(Records from a dataset)
_ _ _ _ _

text \<open>Subtracting a multiple of \<open>e\<^sub>k\<^sub>0\<close> corrects the coordinate \<open>k\<^sub>0\<close> of
  \<open>D f - w\<^sub>i f\<close>, since \<open>D e\<^sub>k\<^sub>0\<close> is \<open>w\<^sub>k\<^sub>0 e\<^sub>k\<^sub>0\<close> up to higher weights
  and \<open>w\<^sub>k\<^sub>0 \<noteq> w\<^sub>i\<close>.\<close>

lemma weight_eigvec_upto_correct:
  assumes g: "weight_normalized t D" and f: "weight_eigvec_upto t D i T f" and iT: "weight t i \<le> T"
    and k0: "k0 \<in> model_index t" "weight t k0 = Suc T"
  shows "\<exists>f'. weight_eigvec_upto t D i (Suc T) f'"
proof -
  have v: "nil_valid t" and l: "model_linear t D" using g by (auto simp: weight_normalized_def)
  have fc: "f \<in> model_carrier t" using f by (simp add: weight_eigvec_upto_def)
  have "weight t k0 \<noteq> weight t i" using k0 iT by simp
  then have ne: "(of_nat (weight t k0) :: complex) - of_nat (weight t i) \<noteq> 0"
    by (metis eq_iff_diff_eq_0 of_nat_eq_iff)
  define c where "c =
      (D f k0 - of_nat (weight t i) * f k0) / (of_nat (weight t k0) - of_nat (weight t i))"
  define f' where "f' = (\<lambda>k. f k - (\<lambda>k. c * unit_vec k0 k) k)"
  have Df': "D f' = (\<lambda>k. D f k - c * D (unit_vec k0) k)"
    unfolding f'_def
    using model_linear_diff[OF l fc model_carrier_scale[OF unit_vec_carrier[OF k0(1)]]]
      model_linear_scale[OF l unit_vec_carrier[OF k0(1)]]
    by simp
  have "D f' k = of_nat (weight t i) * f' k" if k: "k \<in> model_index t" "weight t k \<le> Suc T" for k
  proof (cases "k = k0")
    case True
    have "c * (of_nat (weight t k0) - of_nat (weight t i)) = D f k0 - of_nat (weight t i) * f k0"
      using ne unfolding c_def by simp
    then show ?thesis using Df' weight_normalized_diag[OF g k0(1)] unfolding True
      by (simp add: f'_def unit_vec_def algebra_simps)
  next
    case False
    then have "weight t k \<le> T" using k k0 weight_eq_imp_eq[OF v k(1) k0(1)] by (metis le_Suc_eq)
    moreover have "D (unit_vec k0) k = 0"
      using weight_normalized_below[OF g k0(1) k(1)] k k0 False by simp
    ultimately show ?thesis using f k Df' False by (simp add: weight_eigvec_upto_def f'_def unit_vec_def)
  qed
  moreover have "f' \<in> model_carrier t"
    unfolding f'_def by (intro model_carrier_diff fc model_carrier_scale unit_vec_carrier k0)
  ultimately have "weight_eigvec_upto t D i (Suc T) f'"
    using f k0 iT by (auto simp: weight_eigvec_upto_def f'_def unit_vec_def)
  then show ?thesis by blast
qed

_ _ _ _ _

ACTION ITEM => Read through the data and copy every line where "then" shows up.

OUTPUT OF THE EXERCISE =>
  then have ne: "(of_nat (weight t k0) :: complex) - of_nat (weight t i) \<noteq> 0"
    then show ?thesis using Df' weight_normalized_diag[OF g k0(1)] unfolding True
    then have "weight t k \<le> T" using k k0 weight_eq_imp_eq[OF v k(1) k0(1)] by (metis le_Suc_eq)
  then show ?thesis by blast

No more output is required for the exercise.